Required work:
Look through the entries below for the string "flip", and copy each line where it is found.

[[ Input for this task, beginning ]]

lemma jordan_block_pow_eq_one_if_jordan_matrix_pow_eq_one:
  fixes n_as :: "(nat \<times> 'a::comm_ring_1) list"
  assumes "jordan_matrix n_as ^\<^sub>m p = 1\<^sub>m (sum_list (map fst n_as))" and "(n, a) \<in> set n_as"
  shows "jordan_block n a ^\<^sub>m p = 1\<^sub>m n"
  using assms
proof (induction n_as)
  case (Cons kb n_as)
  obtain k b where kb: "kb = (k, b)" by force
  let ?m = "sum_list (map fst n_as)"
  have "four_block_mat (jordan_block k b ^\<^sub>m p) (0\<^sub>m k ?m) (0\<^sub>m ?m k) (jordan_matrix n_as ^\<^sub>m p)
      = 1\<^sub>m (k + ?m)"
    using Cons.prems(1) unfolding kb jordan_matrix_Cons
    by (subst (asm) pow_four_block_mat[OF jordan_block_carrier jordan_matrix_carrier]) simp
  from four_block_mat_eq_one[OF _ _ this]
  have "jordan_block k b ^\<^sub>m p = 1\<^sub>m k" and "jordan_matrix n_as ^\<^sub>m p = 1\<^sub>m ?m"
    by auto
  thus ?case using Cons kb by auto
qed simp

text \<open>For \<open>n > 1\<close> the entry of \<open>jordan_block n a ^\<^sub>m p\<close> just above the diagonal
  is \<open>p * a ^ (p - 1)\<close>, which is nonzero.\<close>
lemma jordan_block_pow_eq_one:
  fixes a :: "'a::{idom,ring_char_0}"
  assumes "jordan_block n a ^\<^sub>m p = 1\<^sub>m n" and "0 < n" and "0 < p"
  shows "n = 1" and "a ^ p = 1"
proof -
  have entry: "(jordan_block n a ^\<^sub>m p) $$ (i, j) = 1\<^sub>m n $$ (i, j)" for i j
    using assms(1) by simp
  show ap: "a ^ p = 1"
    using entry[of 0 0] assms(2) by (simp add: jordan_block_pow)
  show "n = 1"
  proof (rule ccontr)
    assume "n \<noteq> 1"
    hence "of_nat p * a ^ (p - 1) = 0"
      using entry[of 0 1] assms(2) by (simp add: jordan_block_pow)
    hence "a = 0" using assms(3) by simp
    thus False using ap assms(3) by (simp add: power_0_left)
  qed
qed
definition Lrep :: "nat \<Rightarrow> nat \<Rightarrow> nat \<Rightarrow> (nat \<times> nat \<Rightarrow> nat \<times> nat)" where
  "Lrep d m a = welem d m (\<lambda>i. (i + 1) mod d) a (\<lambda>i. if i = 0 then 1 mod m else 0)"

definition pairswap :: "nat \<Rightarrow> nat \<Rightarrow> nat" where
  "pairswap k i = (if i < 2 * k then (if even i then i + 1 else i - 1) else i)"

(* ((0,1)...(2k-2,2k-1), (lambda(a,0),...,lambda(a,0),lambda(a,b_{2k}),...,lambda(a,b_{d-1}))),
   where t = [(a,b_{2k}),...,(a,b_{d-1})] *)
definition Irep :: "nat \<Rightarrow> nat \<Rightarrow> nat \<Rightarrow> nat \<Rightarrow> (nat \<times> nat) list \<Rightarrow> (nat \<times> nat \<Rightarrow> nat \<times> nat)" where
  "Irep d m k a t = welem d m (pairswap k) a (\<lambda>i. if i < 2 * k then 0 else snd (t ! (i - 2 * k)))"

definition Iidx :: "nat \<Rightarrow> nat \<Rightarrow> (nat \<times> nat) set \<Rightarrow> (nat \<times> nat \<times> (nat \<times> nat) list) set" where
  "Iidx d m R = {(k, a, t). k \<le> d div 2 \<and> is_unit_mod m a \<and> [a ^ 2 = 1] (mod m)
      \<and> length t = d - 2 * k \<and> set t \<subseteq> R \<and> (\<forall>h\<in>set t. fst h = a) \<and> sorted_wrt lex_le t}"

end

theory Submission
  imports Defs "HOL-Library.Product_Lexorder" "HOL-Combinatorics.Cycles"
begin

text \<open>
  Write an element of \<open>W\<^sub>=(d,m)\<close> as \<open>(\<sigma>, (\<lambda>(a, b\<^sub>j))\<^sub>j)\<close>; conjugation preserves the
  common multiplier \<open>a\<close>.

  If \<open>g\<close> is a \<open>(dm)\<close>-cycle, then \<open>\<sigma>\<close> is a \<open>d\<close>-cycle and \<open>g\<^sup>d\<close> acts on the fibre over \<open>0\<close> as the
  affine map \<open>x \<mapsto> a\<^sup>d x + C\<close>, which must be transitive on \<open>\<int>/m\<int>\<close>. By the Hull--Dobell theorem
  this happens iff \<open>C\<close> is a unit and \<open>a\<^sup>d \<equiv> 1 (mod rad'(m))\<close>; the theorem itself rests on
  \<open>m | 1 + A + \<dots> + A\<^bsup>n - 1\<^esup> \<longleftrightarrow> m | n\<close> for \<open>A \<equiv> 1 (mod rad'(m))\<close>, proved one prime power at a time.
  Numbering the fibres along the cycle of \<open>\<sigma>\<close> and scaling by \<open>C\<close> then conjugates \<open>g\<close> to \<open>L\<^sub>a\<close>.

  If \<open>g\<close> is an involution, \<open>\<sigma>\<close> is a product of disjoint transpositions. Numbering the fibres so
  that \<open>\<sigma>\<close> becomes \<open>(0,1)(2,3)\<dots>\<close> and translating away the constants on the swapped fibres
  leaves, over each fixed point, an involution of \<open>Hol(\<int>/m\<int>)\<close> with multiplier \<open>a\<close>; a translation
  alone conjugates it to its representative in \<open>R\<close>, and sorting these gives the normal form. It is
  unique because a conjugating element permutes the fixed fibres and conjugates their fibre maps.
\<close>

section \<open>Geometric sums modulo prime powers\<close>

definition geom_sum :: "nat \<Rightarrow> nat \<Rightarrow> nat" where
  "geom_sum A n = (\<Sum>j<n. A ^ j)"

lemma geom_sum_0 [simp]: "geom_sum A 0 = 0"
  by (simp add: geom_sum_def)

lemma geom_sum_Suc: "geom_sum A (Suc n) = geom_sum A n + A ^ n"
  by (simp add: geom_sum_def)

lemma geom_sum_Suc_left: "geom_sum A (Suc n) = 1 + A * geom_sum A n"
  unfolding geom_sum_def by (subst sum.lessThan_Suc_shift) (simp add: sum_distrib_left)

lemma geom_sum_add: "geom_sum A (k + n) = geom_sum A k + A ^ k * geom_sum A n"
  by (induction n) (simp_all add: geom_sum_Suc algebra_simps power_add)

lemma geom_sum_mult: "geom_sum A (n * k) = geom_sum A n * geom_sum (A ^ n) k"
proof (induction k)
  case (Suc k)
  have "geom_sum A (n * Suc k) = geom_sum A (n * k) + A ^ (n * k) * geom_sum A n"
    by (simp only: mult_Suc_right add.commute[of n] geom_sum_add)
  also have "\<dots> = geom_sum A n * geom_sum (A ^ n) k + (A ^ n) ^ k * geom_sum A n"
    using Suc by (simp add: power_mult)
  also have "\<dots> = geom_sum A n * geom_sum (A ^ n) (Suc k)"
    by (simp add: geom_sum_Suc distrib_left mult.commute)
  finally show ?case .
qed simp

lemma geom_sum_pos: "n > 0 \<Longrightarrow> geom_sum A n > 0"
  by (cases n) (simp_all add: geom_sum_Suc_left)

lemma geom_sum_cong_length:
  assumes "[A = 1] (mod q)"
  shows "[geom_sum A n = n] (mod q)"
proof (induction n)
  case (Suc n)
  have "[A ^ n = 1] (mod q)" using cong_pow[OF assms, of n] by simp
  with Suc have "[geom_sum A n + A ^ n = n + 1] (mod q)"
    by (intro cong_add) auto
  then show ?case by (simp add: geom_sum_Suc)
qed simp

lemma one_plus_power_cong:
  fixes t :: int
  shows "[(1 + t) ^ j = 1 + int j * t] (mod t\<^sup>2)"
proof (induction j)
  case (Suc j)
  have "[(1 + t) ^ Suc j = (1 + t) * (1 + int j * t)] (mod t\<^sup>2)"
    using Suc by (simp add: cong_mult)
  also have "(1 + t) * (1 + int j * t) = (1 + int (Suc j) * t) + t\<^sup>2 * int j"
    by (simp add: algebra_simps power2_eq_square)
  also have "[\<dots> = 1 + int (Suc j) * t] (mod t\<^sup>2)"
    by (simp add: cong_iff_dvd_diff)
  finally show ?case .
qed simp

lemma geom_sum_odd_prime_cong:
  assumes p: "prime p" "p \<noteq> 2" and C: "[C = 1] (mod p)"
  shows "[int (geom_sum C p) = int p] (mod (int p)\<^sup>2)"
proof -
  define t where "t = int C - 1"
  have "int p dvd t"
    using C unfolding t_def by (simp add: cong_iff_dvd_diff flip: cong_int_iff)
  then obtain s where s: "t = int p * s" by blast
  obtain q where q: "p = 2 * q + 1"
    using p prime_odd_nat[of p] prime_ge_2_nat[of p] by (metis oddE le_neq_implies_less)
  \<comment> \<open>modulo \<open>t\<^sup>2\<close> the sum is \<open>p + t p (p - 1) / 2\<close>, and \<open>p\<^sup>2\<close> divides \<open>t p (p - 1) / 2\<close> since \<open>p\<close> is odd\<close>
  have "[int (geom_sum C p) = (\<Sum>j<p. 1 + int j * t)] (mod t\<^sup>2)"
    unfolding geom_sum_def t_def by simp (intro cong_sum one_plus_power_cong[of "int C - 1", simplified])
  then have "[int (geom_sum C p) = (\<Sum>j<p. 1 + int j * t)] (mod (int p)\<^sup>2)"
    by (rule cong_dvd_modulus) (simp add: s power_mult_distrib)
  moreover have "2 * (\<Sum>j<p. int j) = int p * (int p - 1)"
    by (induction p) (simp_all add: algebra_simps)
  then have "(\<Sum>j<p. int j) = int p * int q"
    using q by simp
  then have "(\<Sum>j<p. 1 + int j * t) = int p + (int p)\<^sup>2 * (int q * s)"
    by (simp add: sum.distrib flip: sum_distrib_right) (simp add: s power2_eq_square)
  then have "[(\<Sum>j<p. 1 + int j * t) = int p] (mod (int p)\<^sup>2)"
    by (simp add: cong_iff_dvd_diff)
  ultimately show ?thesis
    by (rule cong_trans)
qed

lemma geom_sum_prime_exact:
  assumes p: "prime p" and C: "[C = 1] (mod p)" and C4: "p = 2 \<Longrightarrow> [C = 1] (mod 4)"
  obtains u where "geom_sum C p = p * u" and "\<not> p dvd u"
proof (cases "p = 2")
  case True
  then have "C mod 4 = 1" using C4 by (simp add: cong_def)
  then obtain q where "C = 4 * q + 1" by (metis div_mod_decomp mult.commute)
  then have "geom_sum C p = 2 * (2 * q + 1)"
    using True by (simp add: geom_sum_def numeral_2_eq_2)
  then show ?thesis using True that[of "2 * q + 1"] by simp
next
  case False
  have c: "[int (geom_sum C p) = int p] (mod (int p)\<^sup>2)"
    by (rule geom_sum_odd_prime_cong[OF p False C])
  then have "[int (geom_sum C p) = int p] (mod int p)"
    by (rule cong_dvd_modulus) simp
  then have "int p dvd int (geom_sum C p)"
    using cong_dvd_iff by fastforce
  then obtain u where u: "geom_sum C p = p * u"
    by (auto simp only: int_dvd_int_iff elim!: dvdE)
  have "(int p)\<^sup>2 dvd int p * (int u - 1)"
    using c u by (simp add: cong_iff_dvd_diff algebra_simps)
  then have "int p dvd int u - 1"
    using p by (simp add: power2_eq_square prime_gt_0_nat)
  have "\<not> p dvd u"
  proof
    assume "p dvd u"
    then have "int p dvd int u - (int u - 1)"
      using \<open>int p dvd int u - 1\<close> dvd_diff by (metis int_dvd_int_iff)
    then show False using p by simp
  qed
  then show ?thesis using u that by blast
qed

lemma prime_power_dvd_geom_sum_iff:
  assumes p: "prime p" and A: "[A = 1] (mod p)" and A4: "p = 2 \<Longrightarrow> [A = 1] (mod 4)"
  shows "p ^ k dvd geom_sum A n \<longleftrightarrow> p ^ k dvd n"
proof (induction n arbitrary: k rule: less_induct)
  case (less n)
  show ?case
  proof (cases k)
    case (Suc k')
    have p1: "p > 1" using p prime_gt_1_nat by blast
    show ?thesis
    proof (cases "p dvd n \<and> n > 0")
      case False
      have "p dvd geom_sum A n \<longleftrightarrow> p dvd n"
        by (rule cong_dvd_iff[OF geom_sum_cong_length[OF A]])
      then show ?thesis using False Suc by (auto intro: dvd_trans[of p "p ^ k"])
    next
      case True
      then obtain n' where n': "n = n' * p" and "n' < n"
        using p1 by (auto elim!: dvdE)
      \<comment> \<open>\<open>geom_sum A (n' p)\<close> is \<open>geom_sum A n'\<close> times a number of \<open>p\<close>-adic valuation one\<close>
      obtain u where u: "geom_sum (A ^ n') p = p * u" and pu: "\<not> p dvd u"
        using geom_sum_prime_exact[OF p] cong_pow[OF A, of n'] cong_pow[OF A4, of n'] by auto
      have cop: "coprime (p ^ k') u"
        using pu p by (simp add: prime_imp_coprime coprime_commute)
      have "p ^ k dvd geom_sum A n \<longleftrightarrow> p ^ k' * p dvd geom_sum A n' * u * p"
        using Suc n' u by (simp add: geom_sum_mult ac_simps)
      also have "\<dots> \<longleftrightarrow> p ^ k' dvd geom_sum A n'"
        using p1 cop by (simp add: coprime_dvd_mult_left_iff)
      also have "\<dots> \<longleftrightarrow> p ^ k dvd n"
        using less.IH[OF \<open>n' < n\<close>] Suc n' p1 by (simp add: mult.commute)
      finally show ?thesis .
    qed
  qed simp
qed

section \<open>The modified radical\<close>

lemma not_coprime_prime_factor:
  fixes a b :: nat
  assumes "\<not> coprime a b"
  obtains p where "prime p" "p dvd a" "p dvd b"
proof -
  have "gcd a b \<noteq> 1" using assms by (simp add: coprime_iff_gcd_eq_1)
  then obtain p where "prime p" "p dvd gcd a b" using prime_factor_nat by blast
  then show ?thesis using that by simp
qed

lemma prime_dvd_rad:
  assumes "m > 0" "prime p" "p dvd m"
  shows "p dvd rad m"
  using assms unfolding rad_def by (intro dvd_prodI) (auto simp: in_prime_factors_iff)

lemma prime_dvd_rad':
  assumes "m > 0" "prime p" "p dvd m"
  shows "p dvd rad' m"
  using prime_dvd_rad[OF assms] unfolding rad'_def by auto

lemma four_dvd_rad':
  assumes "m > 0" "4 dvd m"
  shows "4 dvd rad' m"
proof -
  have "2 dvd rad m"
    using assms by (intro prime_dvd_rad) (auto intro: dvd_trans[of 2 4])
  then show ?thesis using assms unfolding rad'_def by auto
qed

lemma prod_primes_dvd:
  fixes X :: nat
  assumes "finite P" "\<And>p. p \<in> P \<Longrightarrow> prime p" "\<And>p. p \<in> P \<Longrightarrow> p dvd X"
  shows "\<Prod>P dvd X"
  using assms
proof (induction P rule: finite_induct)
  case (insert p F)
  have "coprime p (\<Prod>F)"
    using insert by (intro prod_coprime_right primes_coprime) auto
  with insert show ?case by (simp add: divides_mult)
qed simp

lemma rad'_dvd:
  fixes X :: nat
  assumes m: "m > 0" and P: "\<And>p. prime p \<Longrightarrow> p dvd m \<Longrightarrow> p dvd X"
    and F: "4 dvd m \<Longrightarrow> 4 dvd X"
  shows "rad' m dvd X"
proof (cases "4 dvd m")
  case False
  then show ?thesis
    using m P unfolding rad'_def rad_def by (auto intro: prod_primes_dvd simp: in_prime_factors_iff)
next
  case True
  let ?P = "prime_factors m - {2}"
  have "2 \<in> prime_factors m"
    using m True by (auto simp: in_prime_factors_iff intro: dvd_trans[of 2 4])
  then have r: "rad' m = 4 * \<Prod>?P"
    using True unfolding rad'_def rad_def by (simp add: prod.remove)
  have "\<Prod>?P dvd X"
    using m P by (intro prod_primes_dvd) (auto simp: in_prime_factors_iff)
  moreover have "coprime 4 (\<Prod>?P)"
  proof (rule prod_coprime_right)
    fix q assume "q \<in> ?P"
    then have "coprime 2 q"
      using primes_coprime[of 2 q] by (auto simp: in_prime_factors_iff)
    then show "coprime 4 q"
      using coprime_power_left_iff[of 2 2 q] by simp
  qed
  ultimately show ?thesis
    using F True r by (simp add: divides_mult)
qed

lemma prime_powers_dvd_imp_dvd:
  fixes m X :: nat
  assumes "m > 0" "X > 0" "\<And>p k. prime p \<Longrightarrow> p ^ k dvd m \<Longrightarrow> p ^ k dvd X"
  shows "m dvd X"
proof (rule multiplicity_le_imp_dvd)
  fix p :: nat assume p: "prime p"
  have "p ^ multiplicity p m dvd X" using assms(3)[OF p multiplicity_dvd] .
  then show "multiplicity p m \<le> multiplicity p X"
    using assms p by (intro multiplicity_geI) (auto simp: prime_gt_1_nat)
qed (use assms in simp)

[[ Input for this task, end ]]

Final answer:
    using C unfolding t_def by (simp add: cong_iff_dvd_diff flip: cong_int_iff)
    by (simp add: sum.distrib flip: sum_distrib_right) (simp add: s power2_eq_square)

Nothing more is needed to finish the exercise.